So its been 99 days since I last watched porn. Its been 100 days since I've orgasmed. I still can not control fantasy and masturbation (the best I did with masturbation was 12 days and a 3 day mark). Usually I'll get 2 days. However, I am very lonely and I long for a relationship but as I am devoutly religious, it makes things very difficult.
I'm 33 and have been viewing internet porn since I was about 15. My ED happened when I was 19 and in college...a horror. I still have my ED issues, probably because I won't give my penis/brain a break. Its the same problem, I wake up and start thinking sexual thoughts to get myself going and usually end up masturbating (edging because I have orgasmed yet but I am headed in that direction). Part of me feels that if I orgasm I won't feel so lonely. But the truth is, the urge I have to orgasm is a biological motivation to have sex with a woman and if I orgasm without a woman it will be a let down.
However, I'm nervous that I am about relapse and I wanted take some time a write down some positive affects from this reboot before I do.
1. I learned I don't need porn. I've lived 99 days without and have survived just fine. I have had urges to view it but thank G-d I haven't really desired it all that much. I have seen same naked images because I look at paintings. I get a little excited but in a normal way.

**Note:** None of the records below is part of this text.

(* Let $L$ be a language, $\downarrow_1,\downarrow_2$ compilers from $L$ to $L$, $\sim_1,\sim_2\subseteq\mathrm{Tr}_L\times\mathrm{Tr}_L$ trace relations and $C_1,C_2$ classes of $L$-properties. Assume $\mathrm{RTP}^{\sigma}(\downarrow_1,C_1,\sim_1)$ and $\mathrm{RTP}^{\sigma}(\downarrow_2,C_2,\sim_2)$; that $\sim_1$ is well-formed for $C_2$ and $\sim_2$ is well-formed for $C_1$; and that $\tilde\sigma_{\sim_2}(C_1)=C_1$ and $\tilde\sigma_{\sim_1}(C_2)=C_2$. Then $\mathrm{RTP}^{\sigma}(p\mapsto\downarrow_2(\downarrow_1(p)),\ C_1\cap C_2,\ \sim_1\bullet\sim_2)$ and $\mathrm{RTP}^{\sigma}(p\mapsto\downarrow_1(\downarrow_2(p)),\ C_2\cap C_1,\ \sim_2\bullet\sim_1)$.
   Context: A language $L$ consists of: a set of partial programs (components), a set of contexts, a set of whole programs, a partial linking operation $\mathrm{link}(c,p)$ producing a whole program from a context $c$ and a component $p$, a set $\mathrm{Tr}_L$ of traces, and an execution relation $W\Downarrow t$ meaning that whole program $W$ terminates producing trace $t$. A property is a set $\pi\subseteq\mathrm{Tr}_L$; a class is a set of properties. $W\models\pi$ iff every $t$ with $W\Downarrow t$ lies in $\pi$. $p\models_R\pi$ iff for every context $c$ and whole program $W$ with $\mathrm{link}(c,p)=W$, $W\models\pi$. A compiler from $L_S$ to $L_T$ is a function from $L_S$-components to $L_T$-components. For $\sim\subseteq\mathrm{Tr}_S\times\mathrm{Tr}_T$, $\sigma_\sim(\pi_T)=\{t_S\mid\forall t_T,\ t_S\sim t_T\Rightarrow t_T\in\pi_T\}$ and $\tilde\sigma_\sim(C_T)=\{\sigma_\sim(\pi)\mid\pi\in C_T\}$. $\mathrm{RTP}^{\sigma}(\downarrow,C_T,\sim)$ holds iff for every $\pi_T\in C_T$ and every $L_S$-component $p$, if $p\models_R\sigma_\sim(\pi_T)$ then $\downarrow(p)\models_R\pi_T$. A relation $\sim$ is well-formed for $C_T$ iff for all $\pi_T\in C_T$, $\sigma_\sim(\pi_T)\in\tilde\sigma_\sim(C_T)$. $t\,(\sim_1\bullet\sim_2)\,t''$ iff there exists $t'$ with $t\sim_1 t'$ and $t'\sim_2 t''$. *)

theory Defs
  imports Main
begin

text \<open>A language is given by a partial linking operation
  link :: context => component => whole option
  and an execution relation exec :: whole => trace => bool
  (exec W t means W terminates producing trace t).  Traces Tr_L are all
  elements of the trace type; properties are sets of traces.\<close>

definition wsat :: "('w \<Rightarrow> 't \<Rightarrow> bool) \<Rightarrow> 'w \<Rightarrow> 't set \<Rightarrow> bool" where
  "wsat exec W \<pi> \<longleftrightarrow> (\<forall>t. exec W t \<longrightarrow> t \<in> \<pi>)"

definition rsat :: "('c \<Rightarrow> 'p \<Rightarrow> 'w option) \<Rightarrow> ('w \<Rightarrow> 't \<Rightarrow> bool) \<Rightarrow> 'p \<Rightarrow> 't set \<Rightarrow> bool" where
  "rsat link exec p \<pi> \<longleftrightarrow> (\<forall>c W. link c p = Some W \<longrightarrow> wsat exec W \<pi>)"

definition sigma :: "('s \<Rightarrow> 't \<Rightarrow> bool) \<Rightarrow> 't set \<Rightarrow> 's set" where
  "sigma rel \<pi>T = {tS. \<forall>tT. rel tS tT \<longrightarrow> tT \<in> \<pi>T}"

definition sigma_tilde :: "('s \<Rightarrow> 't \<Rightarrow> bool) \<Rightarrow> 't set set \<Rightarrow> 's set set" where
  "sigma_tilde rel C = {sigma rel \<pi> | \<pi>. \<pi> \<in> C}"

definition RTP_sigma ::
  "('cS \<Rightarrow> 'pS \<Rightarrow> 'wS option) \<Rightarrow> ('wS \<Rightarrow> 'tS \<Rightarrow> bool) \<Rightarrow>
   ('cT \<Rightarrow> 'pT \<Rightarrow> 'wT option) \<Rightarrow> ('wT \<Rightarrow> 'tT \<Rightarrow> bool) \<Rightarrow>
   ('pS \<Rightarrow> 'pT) \<Rightarrow> 'tT set set \<Rightarrow> ('tS \<Rightarrow> 'tT \<Rightarrow> bool) \<Rightarrow> bool" where
  "RTP_sigma linkS execS linkT execT cmp CT rel \<longleftrightarrow>
     (\<forall>\<pi>T \<in> CT. \<forall>p. rsat linkS execS p (sigma rel \<pi>T) \<longrightarrow> rsat linkT execT (cmp p) \<pi>T)"

definition well_formed_for :: "('s \<Rightarrow> 't \<Rightarrow> bool) \<Rightarrow> 't set set \<Rightarrow> bool" where
  "well_formed_for rel CT \<longleftrightarrow> (\<forall>\<pi>T \<in> CT. sigma rel \<pi>T \<in> sigma_tilde rel CT)"

end

theory Submission
  imports Defs
begin

text \<open>Robust preservation composes: the second compiler preserves \<pi> as soon as the output
  of the first robustly satisfies sigma rel2 \<pi>, and the first compiler guarantees this when
  sigma rel2 \<pi> lies in its class, because sigma (rel1 OO rel2) \<pi> = sigma rel1 (sigma rel2 \<pi>).
  Closure of each class under the other relation's sigma provides exactly that.\<close>

lemma sigma_relcompp: "sigma (r1 OO r2) \<pi> = sigma r1 (sigma r2 \<pi>)"
  unfolding sigma_def by blast

lemma sigma_mem_if_sigma_tilde_eq:
  assumes "sigma_tilde r C = C" and "\<pi> \<in> C"
  shows "sigma r \<pi> \<in> C"
  using assms unfolding sigma_tilde_def by blast

lemma RTP_sigma_comp:
  assumes RTP1: "RTP_sigma linkS execS linkM execM cmp1 C1 r1"
    and RTP2: "RTP_sigma linkM execM linkT execT cmp2 C2 r2"
    and closed: "\<And>\<pi>. \<pi> \<in> C \<Longrightarrow> sigma r2 \<pi> \<in> C1"
    and "C \<subseteq> C2"
  shows "RTP_sigma linkS execS linkT execT (\<lambda>p. cmp2 (cmp1 p)) C (r1 OO r2)"
  unfolding RTP_sigma_def
proof (intro ballI allI impI)
  fix \<pi> p
  assume "\<pi> \<in> C" and "rsat linkS execS p (sigma (r1 OO r2) \<pi>)"
  then have "rsat linkM execM (cmp1 p) (sigma r2 \<pi>)"
    using RTP1 closed unfolding RTP_sigma_def sigma_relcompp by blast
  then show "rsat linkT execT (cmp2 (cmp1 p)) \<pi>"
    using RTP2 \<open>\<pi> \<in> C\<close> \<open>C \<subseteq> C2\<close> unfolding RTP_sigma_def by blast
qed

theorem corollary3p2:
  fixes link :: "'c \<Rightarrow> 'p \<Rightarrow> 'w option"
    and exec :: "'w \<Rightarrow> 't \<Rightarrow> bool"
    and comp1 comp2 :: "'p \<Rightarrow> 'p"
    and rel1 rel2 :: "'t \<Rightarrow> 't \<Rightarrow> bool"
    and C1 C2 :: "'t set set"
  assumes "RTP_sigma link exec link exec comp1 C1 rel1"
    and "RTP_sigma link exec link exec comp2 C2 rel2"
    and "well_formed_for rel1 C2"
    and "well_formed_for rel2 C1"
    and "sigma_tilde rel2 C1 = C1"
    and "sigma_tilde rel1 C2 = C2"
  shows "RTP_sigma link exec link exec (\<lambda>p. comp2 (comp1 p)) (C1 \<inter> C2) (rel1 OO rel2)
       \<and> RTP_sigma link exec link exec (\<lambda>p. comp1 (comp2 p)) (C2 \<inter> C1) (rel2 OO rel1)"
proof
  show "RTP_sigma link exec link exec (\<lambda>p. comp2 (comp1 p)) (C1 \<inter> C2) (rel1 OO rel2)"
    using assms(1,2) sigma_mem_if_sigma_tilde_eq[OF assms(5)]
    by (rule RTP_sigma_comp) auto
  show "RTP_sigma link exec link exec (\<lambda>p. comp1 (comp2 p)) (C2 \<inter> C1) (rel2 OO rel1)"
    using assms(2,1) sigma_mem_if_sigma_tilde_eq[OF assms(6)]
    by (rule RTP_sigma_comp) auto
qed

end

2. Its true that your penis does get bigger, kind of. When I was masturbating to orgasm all the time, my penis looked like a shriveled turtle's head. Now my penis is longer and fuller. It looks like a normal healthy adult penis. Its by no means a third leg but it doesn't need to be.
3. I have gotten several nocturnal erection, which I haven't had in so many years. They weren't great erections but something is better than nothing.
4. I notice real live woman A LOT more. Its dangerous for me to be driving honestly. First, I feel much more motivated to talk to and ask out real live women. Last we something inside me took over and asked a woman from my office building for coffee. It has become easier to talk to women because I have this great goal of orgasming with a woman, and I've just had to push away the anxiety because its a stumbling block to my greater goal. Second, the other day I was on the subway and I noticed myself sexually attracted to all shorts of women. Tall, short, younger, older, skinny, fat, fair skinned, darker skinned, hair colors, etc. Avoiding porn, and tv for that matter, allows your brain to choose who you find attractive rather than what porn and hollywood tells you what attractive is.
5. Women aren't porn stars. Even the ones dressed like sluts have feelings, thoughts, motivations, opinions, life history, etc. Porn stars on the other hand are just objects. Most women are not running to jump in to bed with anyone. Yes, they want sex too but they aren't just going to drop their panties for anyone like they do in porn.
6. Men are suppose to be with a women in a relationship and not masturbate to their images. Porn was masking over a instinctive desire I had to have a mate. It allowed me to be alone...that wasn't good. "Be fruitful and multiple!" And guess what...women want to be with us too! Its just so many of us have all the wrong ideas in our head about sex and women it prevents us from doing so.
7. I can't believe how many men suffer from porn addiction...its insane. To man don't realize they suffer from it and those who do are suffering bad.
8. An important step in my reboot is that I brain is returning to my natural sexual tendencies. Through watching porn, I eventually and most often masturbated fantasying as being the woman (I know other guys on this site suffered from this too). However, I always felt wrong about doing that. These days when I fantasize and maturate/edge I am always in the role of the man and when there is the pull to fantasize about being in the role of the woman, its not as appealing as it once was, so I don't.
I'm not sure how I am going to keep myself from fantasies and masturbating. I heard someone suggest "being in control of your house." Just like when someone comes knocking at your door you decide if they come in or not, you have the same choose to allow ideas and images into your head or not. Even if the ideas and images are knocking on the door really hard, you can still choose to ignore them. Another is positive or negative feedback. Like if I F or M I'd have to give $100 to a cause I am against or if I don't F or M I get to treat myself to something. Either way, I have to beat this ED because I'm looking forward to having real sex, real soon.
I've also recently started to through burdens of my shoulders. I can't control the world or the economy or what other people do, I can only worry and control what i do. Its a healthier and less stress way of being.